Figure JPOXMLDOC01-appb-M000001
Figure JPOXMLDOC01-appb-M000001
 また重み誤差アンサンブルベクトルの各成分は、以下の式(2)で表される。 Furthermore, each component of the weighted error ensemble vector is expressed by the following equation (2).
Figure JPOXMLDOC01-appb-M000002
Figure JPOXMLDOC01-appb-M000002
 式(2)に示すように、重み誤差アンサンブルベクトルの各成分(x~(m) )は、各推定重みベクトル(x-(m) )と、M個の推定重みベクトルの平均(1/MΣx-(m) )との差である。式(2)は、例えば、図4において、あるユニット(例えば実線のユニット)の特定の結合重みx (m)とそのユニットにおける結合重みの平均値との差である。すなわち、式(2)は、特定の結合重みx (m)の平均値に対する誤差に対応する。 As shown in equation (2), each component (x ~ (m) k ) of the weighted error ensemble vector is calculated by each estimated weight vector (x − (m) k ) and the average (1 /MΣx - (m) k ). Equation (2) is, for example, the difference between a specific connection weight x i (m) of a certain unit (for example, the solid line unit) and the average value of the connection weights in that unit in FIG. That is, equation (2) corresponds to the error of a particular connection weight x i (m) with respect to the average value.
 式(1)で表される重み誤差アンサンブルベクトルは、それぞれのユニット毎の結合重みの誤差を、まとめたものである。重み誤差アンサンブルベクトルは、横ベクトルとして定義される。重み誤差アンサンブルベクトルの転置行列は、縦ベクトルである。 The weight error ensemble vector expressed by equation (1) is a collection of errors in connection weights for each unit. The weighted error ensemble vector is defined as a horizontal vector. The transposed matrix of the weighted error ensemble vector is a vertical vector.
 出力誤差アンサンブルベクトルは、以下の式(3)で表される。 The output error ensemble vector is expressed by the following equation (3).
Figure JPOXMLDOC01-appb-M000003
Figure JPOXMLDOC01-appb-M000003
 また出力誤差アンサンブルベクトルの各成分は、以下の式(4)で表される。 Furthermore, each component of the output error ensemble vector is expressed by the following equation (4).
Figure JPOXMLDOC01-appb-M000004
Figure JPOXMLDOC01-appb-M000004
 式(4)に示す、出力誤差アンサンブルベクトルの各成分(y~(m) )は、各推定出力ベクトル(y-(m) )と、M個の推定出力ベクトルの平均(1/MΣy-(m) )との差である。 Each component (y ~ (m) k ) of the output error ensemble vector shown in equation (4) is calculated by each estimated output vector (y − (m) k ) and the average of M estimated output vectors (1/MΣy -(m) k ).
 式(3)で表される出力誤差アンサンブルベクトルは、それぞれのユニット毎の出力の誤差を、まとめたものである。出力誤差アンサンブルベクトルは、横ベクトルとして定義される。出力誤差アンサンブルベクトルの転置行列は、縦ベクトルである。 The output error ensemble vector expressed by equation (3) is a collection of output errors for each unit. The output error ensemble vector is defined as a horizontal vector. The transposed matrix of the output error ensemble vector is a vertical vector.
 次いで、これらの誤差アンサンブルベクトルを用いて、カルマンゲインを計算する。 Next, the Kalman gain is calculated using these error ensemble vectors.

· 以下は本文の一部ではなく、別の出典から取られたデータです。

(* Work in Scenario 1. For a profile of reported types $\mathbf t=(t_1,\dots,t_n)\in T$ (all bidders participating) and $i,j\in N$ with $j\ne i$, define $$W_j(\mathbf t)=v_j-\sum_{k\in N\setminus\{j\}}\eta_{k\leftarrow j},\qquad W_j^{-i}(\mathbf t)=v_j-\sum_{k\in N\setminus\{i,j\}}\eta_{k\leftarrow j},$$ where $\eta_{k\leftarrow j}$ is the value reported by bidder $k$. Consider the mechanism $x_j(\mathbf t)=\mathbf 1\{W_j(\mathbf t)\ge 0\}$ for all $j$; $$p_i(\mathbf t)=\sum_{j\in N\setminus\{i\}}\Big[W_j^{-i}(\mathbf t)\big(\mathbf 1\{W_j^{-i}(\mathbf t)\ge0\}-\mathbf 1\{W_j(\mathbf t)\ge0\}\big)+\eta_{j\leftarrow i}\,\mathbf 1\{W_i(\mathbf t)\ge0\}\Big];$$ and, when bidder $i$ does not participate, $x_i(\emptyset,\mathbf t_{-i})=p_i(\emptyset,\mathbf t_{-i})=0$ and $x_j(\emptyset,\mathbf t_{-i})=\mathbf 1\{W_j^{-i}(\mathbf t)\ge0\}$ for $j\neq i$. Then: (a) for every $\mathbf t\in T$, $\mathbf x(\mathbf t)$ maximizes the social welfare $\mathrm{SW}(\mathbf z;\mathbf t)=\sum_{i\in N}\nu_i(\mathbf z)$ over $\mathbf z\in[0,1]^n$; (b) the mechanism is DSIC; (c) it is ex-post IR; (d) $p_i(\mathbf t)\ge0$ for all $i\in N$ and $\mathbf t\in T$.
   Context: Model: there are $n$ bidders $N=\{1,\dots,n\}$ and a seller of a freely replicable good; an allocation is any $\mathbf x=(x_1,\dots,x_n)\in[0,1]^n$ (no constraint coupling coordinates). Bidder $i$ has a value $v_i\in[\underline v_i,\bar v_i]\subset\mathbb R_{\ge0}$ and, for each $j\ne i$, an externality parameter $\eta_{i\leftarrow j}\in[\underline\eta_{i\leftarrow j},\bar\eta_{i\leftarrow j}]\subset\mathbb R_{\ge0}$; her valuation is $\nu_i(\mathbf x)=v_ix_i-\sum_{j\ne i}\eta_{i\leftarrow j}x_j$ and her utility with payment $p_i$ is $u_i(\mathbf x,p_i;\mathbf t)=\nu_i(\mathbf x)-p_i$ (evaluated at the true parameters). In Scenario 1, bidder $i$'s private type is $t_i=(v_i,(\eta_{i\leftarrow j})_{j\ne i})\in T_i=[\underline v_i,\bar v_i]\times\prod_{j\ne i}[\underline\eta_{i\leftarrow j},\bar\eta_{i\leftarrow j}]$; $T=\prod_iT_i$. Bids lie in $B_i=T_i\cup\{\emptyset\}$ ($\emptyset$ = non-participation). A mechanism is an allocation function $\mathbf x:B\to[0,1]^n$ and payment function $\mathbf p:B\to\mathbb R^n_{\ge0}$ with $x_i=p_i=0$ whenever bidder $i$ bids $\emptyset$; it is specified on bid profiles with at most one $\emptyset$. DSIC: for all $\mathbf t,\hat{\mathbf t}\in T$ and $i$, $u_i(\mathbf x(t_i,\hat{\mathbf t}_{-i}),p_i(t_i,\hat{\mathbf t}_{-i});\mathbf t)\ge u_i(\mathbf x(\hat{\mathbf t}),p_i(\hat{\mathbf t});\mathbf t)$. Ex-post IR: for all $\mathbf t\in T$ and $i$, $u_i(\mathbf x(\mathbf t),p_i(\mathbf t);\mathbf t)\ge u_i(\mathbf x(\emptyset,\mathbf t_{-i}),p_i(\emptyset,\mathbf t_{-i});\mathbf t)$. *)

theory Defs
  imports Main "HOL-Library.Product_Plus" Complex_Main
begin

text \<open>Bidders are 0, ..., n-1. A (reported or true) type profile is given by
  v :: nat => real (v i = value of bidder i) and
  e :: nat => nat => real (e i j = externality parameter eta_{i <- j}, reported by bidder i).
  Bidder i's type is (v i, e i).\<close>

definition ind :: "bool \<Rightarrow> real" where
  "ind b = (if b then 1 else 0)"

definition in_T :: "nat \<Rightarrow> (nat \<Rightarrow> real) \<Rightarrow> (nat \<Rightarrow> real) \<Rightarrow> (nat \<Rightarrow> nat \<Rightarrow> real) \<Rightarrow> (nat \<Rightarrow> nat \<Rightarrow> real)
    \<Rightarrow> (nat \<Rightarrow> real) \<Rightarrow> (nat \<Rightarrow> nat \<Rightarrow> real) \<Rightarrow> bool" where
  "in_T n vlo vhi elo ehi v e \<longleftrightarrow>
     (\<forall>i<n. vlo i \<le> v i \<and> v i \<le> vhi i \<and>
        (\<forall>j<n. j \<noteq> i \<longrightarrow> elo i j \<le> e i j \<and> e i j \<le> ehi i j))"

definition valuation :: "nat \<Rightarrow> (nat \<Rightarrow> real) \<Rightarrow> (nat \<Rightarrow> nat \<Rightarrow> real) \<Rightarrow> nat \<Rightarrow> (nat \<Rightarrow> real) \<Rightarrow> real" where
  "valuation n v e i x = v i * x i - (\<Sum>j\<in>{0..<n} - {i}. e i j * x j)"

definition utility :: "nat \<Rightarrow> (nat \<Rightarrow> real) \<Rightarrow> (nat \<Rightarrow> nat \<Rightarrow> real) \<Rightarrow> nat \<Rightarrow> (nat \<Rightarrow> real) \<Rightarrow> real \<Rightarrow> real" where
  "utility n v e i x p = valuation n v e i x - p"

definition social_welfare :: "nat \<Rightarrow> (nat \<Rightarrow> real) \<Rightarrow> (nat \<Rightarrow> nat \<Rightarrow> real) \<Rightarrow> (nat \<Rightarrow> real) \<Rightarrow> real" where
  "social_welfare n v e z = (\<Sum>i\<in>{0..<n}. valuation n v e i z)"

definition W :: "nat \<Rightarrow> (nat \<Rightarrow> real) \<Rightarrow> (nat \<Rightarrow> nat \<Rightarrow> real) \<Rightarrow> nat \<Rightarrow> real" where
  "W n v e j = v j - (\<Sum>k\<in>{0..<n} - {j}. e k j)"

definition Wm :: "nat \<Rightarrow> (nat \<Rightarrow> real) \<Rightarrow> (nat \<Rightarrow> nat \<Rightarrow> real) \<Rightarrow> nat \<Rightarrow> nat \<Rightarrow> real" where
  "Wm n v e i j = v j - (\<Sum>k\<in>{0..<n} - {i, j}. e k j)"

definition alloc :: "nat \<Rightarrow> (nat \<Rightarrow> real) \<Rightarrow> (nat \<Rightarrow> nat \<Rightarrow> real) \<Rightarrow> nat \<Rightarrow> real" where
  "alloc n v e j = ind (W n v e j \<ge> 0)"

definition pay :: "nat \<Rightarrow> (nat \<Rightarrow> real) \<Rightarrow> (nat \<Rightarrow> nat \<Rightarrow> real) \<Rightarrow> nat \<Rightarrow> real" where
  "pay n v e i = (\<Sum>j\<in>{0..<n} - {i}.
      Wm n v e i j * (ind (Wm n v e i j \<ge> 0) - ind (W n v e j \<ge> 0))
      + e j i * ind (W n v e i \<ge> 0))"

text \<open>The mechanism when bidder i bids the empty bid (others as in the profile v, e;
  bidder i's own entries are not used).\<close>
definition alloc_out :: "nat \<Rightarrow> (nat \<Rightarrow> real) \<Rightarrow> (nat \<Rightarrow> nat \<Rightarrow> real) \<Rightarrow> nat \<Rightarrow> nat \<Rightarrow> real" where
  "alloc_out n v e i j = (if j = i then 0 else ind (Wm n v e i j \<ge> 0))"

definition pay_out :: "nat \<Rightarrow> (nat \<Rightarrow> real) \<Rightarrow> (nat \<Rightarrow> nat \<Rightarrow> real) \<Rightarrow> nat \<Rightarrow> real" where
  "pay_out n v e i = 0"

end

theory Submission
  imports Defs
begin

text \<open>The mechanism is a VCG mechanism with Clarke pivot. Exchanging the order of summation,
  the social welfare of an allocation is \<open>\<Sum>j. x j * W j\<close>, so allocating exactly the
  bidders with \<open>W j \<ge> 0\<close> is efficient. The payment of bidder \<open>i\<close> equals the pivot
  \<open>\<Sum>j\<noteq>i. max (W\<^sup>-\<^sup>i j) 0\<close>, which does not depend on \<open>i\<close>'s report, minus the welfare that the
  others derive from the chosen allocation. Hence \<open>i\<close>'s utility is the true social welfare of
  the allocation minus the pivot, and is maximised by the efficient allocation for the true
  type (DSIC); non-participation yields the allocation \<open>[W\<^sup>-\<^sup>i j \<ge> 0]\<close>, whose welfare is no
  larger (IR). Each payment term is nonnegative because \<open>W j = W\<^sup>-\<^sup>i j - \<eta>\<^sub>i\<^sub>\<leftarrow>\<^sub>j \<le> W\<^sup>-\<^sup>i j\<close>.\<close>

lemma sum_offdiag_swap:
  fixes f :: "'a \<Rightarrow> 'a \<Rightarrow> 'b::comm_monoid_add"
  assumes "finite A"
  shows "(\<Sum>i\<in>A. \<Sum>j\<in>A - {i}. f i j) = (\<Sum>j\<in>A. \<Sum>i\<in>A - {j}. f i j)"
proof -
  have offdiag: "(\<Sum>j\<in>A - {i}. g j) = (\<Sum>j\<in>A. if j = i then 0 else g j)" for i and g :: "'a \<Rightarrow> 'b"
    using assms by (intro sum.mono_neutral_cong_left) auto
  have "(\<Sum>i\<in>A. \<Sum>j\<in>A. if j = i then 0 else f i j) = (\<Sum>j\<in>A. \<Sum>i\<in>A. if i = j then 0 else f i j)"
    by (subst sum.swap) (simp add: eq_commute)
  then show ?thesis
    by (simp only: offdiag)
qed

lemma social_welfare_eq_sum_W: "social_welfare n v e z = (\<Sum>j\<in>{0..<n}. z j * W n v e j)"
proof -
  have "(\<Sum>i\<in>{0..<n}. \<Sum>j\<in>{0..<n} - {i}. e i j * z j)
      = (\<Sum>j\<in>{0..<n}. z j * (\<Sum>i\<in>{0..<n} - {j}. e i j))"
    by (subst sum_offdiag_swap) (simp_all add: sum_distrib_left mult.commute)
  then show ?thesis
    unfolding social_welfare_def valuation_def W_def
    by (simp add: sum_subtractf right_diff_distrib mult.commute)
qed

lemma mult_le_ind_nonneg_mult:
  assumes "0 \<le> z" "z \<le> 1"
  shows "z * w \<le> ind (w \<ge> 0) * w"
  using assms mult_right_mono[of z 1 w] mult_nonneg_nonpos[of z w] by (auto simp: ind_def)

lemma alloc_maximizes_social_welfare:
  assumes "\<forall>j<n. 0 \<le> z j \<and> z j \<le> 1"
  shows "social_welfare n v e z \<le> social_welfare n v e (alloc n v e)"
  unfolding social_welfare_eq_sum_W alloc_def
  using assms by (intro sum_mono mult_le_ind_nonneg_mult) auto
lemma W_eq_Wm_minus:
  assumes "i < n" "j < n" "j \<noteq> i"
  shows "W n v e j = Wm n v e i j - e i j"
proof -
  have split: "{0..<n} - {j} = insert i ({0..<n} - {i, j})"
    using assms by auto
  have "(\<Sum>k\<in>{0..<n} - {j}. e k j) = e i j + (\<Sum>k\<in>{0..<n} - {i, j}. e k j)"
    unfolding split by simp
  then show ?thesis
    unfolding W_def Wm_def by simp
qed

lemma valuation_eq_welfare_minus_others:
  assumes "i < n"
  shows "valuation n v e i x = social_welfare n v e x - (\<Sum>j\<in>{0..<n} - {i}. x j * Wm n v e i j)
           + x i * (\<Sum>k\<in>{0..<n} - {i}. e k i)"
proof -
  have "social_welfare n v e x = x i * W n v e i + (\<Sum>j\<in>{0..<n} - {i}. x j * W n v e j)"
    unfolding social_welfare_eq_sum_W using assms by (simp add: sum.remove)
  also have "(\<Sum>j\<in>{0..<n} - {i}. x j * W n v e j)
      = (\<Sum>j\<in>{0..<n} - {i}. x j * Wm n v e i j) - (\<Sum>j\<in>{0..<n} - {i}. e i j * x j)"
    using assms by (simp add: W_eq_Wm_minus right_diff_distrib mult.commute flip: sum_subtractf)
  finally show ?thesis
    unfolding valuation_def W_def by (simp add: right_diff_distrib mult.commute)
qed

definition clarke_pivot :: "nat \<Rightarrow> (nat \<Rightarrow> real) \<Rightarrow> (nat \<Rightarrow> nat \<Rightarrow> real) \<Rightarrow> nat \<Rightarrow> real" where
  "clarke_pivot n v e i = (\<Sum>j\<in>{0..<n} - {i}. Wm n v e i j * ind (Wm n v e i j \<ge> 0))"

lemma pay_eq_pivot_minus_others:
  "pay n v e i = clarke_pivot n v e i - (\<Sum>j\<in>{0..<n} - {i}. alloc n v e j * Wm n v e i j)
     + alloc n v e i * (\<Sum>k\<in>{0..<n} - {i}. e k i)"
  unfolding pay_def clarke_pivot_def alloc_def
  by (simp add: sum.distrib sum_subtractf sum_distrib_left right_diff_distrib mult.commute)

lemma Wm_fun_upd_self: "j \<noteq> i \<Longrightarrow> Wm n (v(i := a)) (e(i := b)) i j = Wm n v e i j"
  unfolding Wm_def by (intro arg_cong2[where f = "(-)"] sum.cong) auto

lemma clarke_pivot_fun_upd_self: "clarke_pivot n (v(i := a)) (e(i := b)) i = clarke_pivot n v e i"
  unfolding clarke_pivot_def by (intro sum.cong refl) (simp add: Wm_fun_upd_self)

text \<open>Bidder \<open>i\<close> with true type \<open>(v i, e i)\<close> reporting \<open>(v' i, e' i)\<close> against reports
  \<open>v', e'\<close> of the others: only \<open>i\<close>'s own row enters her valuation, so it is evaluated in the
  profile where \<open>i\<close>'s report is replaced by her true type.\<close>
lemma utility_eq_welfare_minus_pivot:
  assumes "i < n"
  shows "utility n v e i (alloc n v' e') (pay n v' e' i)
    = social_welfare n (v'(i := v i)) (e'(i := e i)) (alloc n v' e') - clarke_pivot n v' e' i"
proof -
  let ?v = "v'(i := v i)" and ?e = "e'(i := e i)" and ?x = "alloc n v' e'"
  have "valuation n v e i ?x = valuation n ?v ?e i ?x"
    unfolding valuation_def by simp
  also have "\<dots> = social_welfare n ?v ?e ?x - (\<Sum>j\<in>{0..<n} - {i}. ?x j * Wm n v' e' i j)
      + ?x i * (\<Sum>k\<in>{0..<n} - {i}. e' k i)"
    unfolding valuation_eq_welfare_minus_others[OF assms] by (simp add: Wm_fun_upd_self)
  finally show ?thesis
    unfolding utility_def pay_eq_pivot_minus_others by simp
qed

lemma utility_out_eq_welfare_minus_pivot:
  assumes "i < n"
  shows "utility n v e i (alloc_out n v e i) (pay_out n v e i)
    = social_welfare n v e (alloc_out n v e i) - clarke_pivot n v e i"
proof -
  have "(\<Sum>j\<in>{0..<n} - {i}. alloc_out n v e i j * Wm n v e i j) = clarke_pivot n v e i"
    unfolding clarke_pivot_def alloc_out_def by (intro sum.cong refl) (simp add: mult.commute)
  then show ?thesis
    unfolding utility_def pay_out_def valuation_eq_welfare_minus_others[OF assms]
    by (simp add: alloc_out_def)
qed

lemma mult_ind_diff_nonneg:
  fixes w a :: real
  assumes "0 \<le> a"
  shows "0 \<le> w * (ind (w \<ge> 0) - ind (w - a \<ge> 0))"
  using assms by (auto simp: ind_def)

theorem mainTheorem3:
  fixes n :: nat
    and vlo vhi :: "nat \<Rightarrow> real" and elo ehi :: "nat \<Rightarrow> nat \<Rightarrow> real"
  assumes vlo_nonneg: "\<forall>i<n. 0 \<le> vlo i \<and> vlo i \<le> vhi i"
      and elo_nonneg: "\<forall>i<n. \<forall>j<n. j \<noteq> i \<longrightarrow> 0 \<le> elo i j \<and> elo i j \<le> ehi i j"
  shows
    \<comment> \<open>(a) efficiency\<close>
    "(\<forall>v e. in_T n vlo vhi elo ehi v e \<longrightarrow>
        (\<forall>z. (\<forall>j<n. 0 \<le> z j \<and> z j \<le> 1) \<longrightarrow>
           social_welfare n v e z \<le> social_welfare n v e (alloc n v e)))
     \<comment> \<open>(b) DSIC\<close>
     \<and> (\<forall>v e v' e'. in_T n vlo vhi elo ehi v e \<longrightarrow> in_T n vlo vhi elo ehi v' e' \<longrightarrow>
        (\<forall>i<n. utility n v e i (alloc n (v'(i := v i)) (e'(i := e i)))
                   (pay n (v'(i := v i)) (e'(i := e i)) i)
              \<ge> utility n v e i (alloc n v' e') (pay n v' e' i)))
     \<comment> \<open>(c) ex-post IR\<close>
     \<and> (\<forall>v e. in_T n vlo vhi elo ehi v e \<longrightarrow>
        (\<forall>i<n. utility n v e i (alloc n v e) (pay n v e i)
              \<ge> utility n v e i (alloc_out n v e i) (pay_out n v e i)))
     \<comment> \<open>(d) nonnegative payments\<close>
     \<and> (\<forall>v e. in_T n vlo vhi elo ehi v e \<longrightarrow> (\<forall>i<n. pay n v e i \<ge> 0))"
proof (intro conjI allI impI)
  fix v e and z :: "nat \<Rightarrow> real"
  assume "\<forall>j<n. 0 \<le> z j \<and> z j \<le> 1"
  then show "social_welfare n v e z \<le> social_welfare n v e (alloc n v e)"
    by (rule alloc_maximizes_social_welfare)
next
  fix v v' :: "nat \<Rightarrow> real" and e e' :: "nat \<Rightarrow> nat \<Rightarrow> real" and i
  assume "i < n"
  have "0 \<le> alloc n v' e' j \<and> alloc n v' e' j \<le> 1" for j
    by (simp add: alloc_def ind_def)
  then show "utility n v e i (alloc n v' e') (pay n v' e' i)
      \<le> utility n v e i (alloc n (v'(i := v i)) (e'(i := e i))) (pay n (v'(i := v i)) (e'(i := e i)) i)"
    using \<open>i < n\<close> by (simp add: utility_eq_welfare_minus_pivot clarke_pivot_fun_upd_self
        alloc_maximizes_social_welfare)
next
  fix v e i
  assume "i < n"
  have "social_welfare n v e (alloc_out n v e i) \<le> social_welfare n v e (alloc n v e)"
    by (rule alloc_maximizes_social_welfare) (simp add: alloc_out_def ind_def)
  then show "utility n v e i (alloc_out n v e i) (pay_out n v e i) \<le> utility n v e i (alloc n v e) (pay n v e i)"
    using utility_eq_welfare_minus_pivot[OF \<open>i < n\<close>, of v e v e]
    by (simp add: utility_out_eq_welfare_minus_pivot[OF \<open>i < n\<close>])
next
  fix v e i
  assume T: "in_T n vlo vhi elo ehi v e" and "i < n"
  have e_nonneg: "0 \<le> e k j" if "k < n" "j < n" "j \<noteq> k" for k j
    using T elo_nonneg that unfolding in_T_def by (meson order_trans)
  show "0 \<le> pay n v e i"
    unfolding pay_def
    using \<open>i < n\<close> by (intro sum_nonneg add_nonneg_nonneg)
      (auto simp: W_eq_Wm_minus e_nonneg mult_ind_diff_nonneg ind_def)
qed

end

 アンサンブルカルマンフィルタ法におけるカルマンゲインは、下記式(5)で表される。 The Kalman gain in the ensemble Kalman filter method is expressed by the following formula (5).
Figure JPOXMLDOC01-appb-M000005
Figure JPOXMLDOC01-appb-M000005
 U及びVは、以下の式で表される。 U k and V k are expressed by the following formulas.
Figure JPOXMLDOC01-appb-M000006
Figure JPOXMLDOC01-appb-M000006
Figure JPOXMLDOC01-appb-M000007
Figure JPOXMLDOC01-appb-M000007
 上記の式(6)に示した共分散行列を、第1共分散行列と称する。X は、更新対象の結合重みの数の要素を有し、N次元である。Y は、出力ユニットの数の要素を有し、M次元である。そのため、第1共分散行列は、N行M列の行列である。 The covariance matrix shown in equation (6) above is referred to as a first covariance matrix. X to k has elements equal to the number of connection weights to be updated, and is N-dimensional. Y ~ k has elements equal to the number of output units and is M-dimensional. Therefore, the first covariance matrix is a matrix with N rows and M columns.
 上記の式(7)に示した共分散行列を、第2共分散行列と称する。上述のように、Y はM次元である。そのため、第2共分散行列は、M行M列の行列である。 The covariance matrix shown in equation (7) above is referred to as a second covariance matrix. As mentioned above, Y ~ k is M-dimensional. Therefore, the second covariance matrix is a matrix with M rows and M columns.
 第1共分散行列がN行M列の行列であり、第2共分散行列がM行M列の行列であるため、式(5)に示すカルマンゲインは、N行M列の行列である。 Since the first covariance matrix is a matrix with N rows and M columns, and the second covariance matrix is a matrix with M rows and M columns, the Kalman gain shown in equation (5) is a matrix with N rows and M columns.
 ここで、以下の式(8)は、拡張カルマンフィルタ法におけるカルマンゲインである。 Here, the following equation (8) is the Kalman gain in the extended Kalman filter method.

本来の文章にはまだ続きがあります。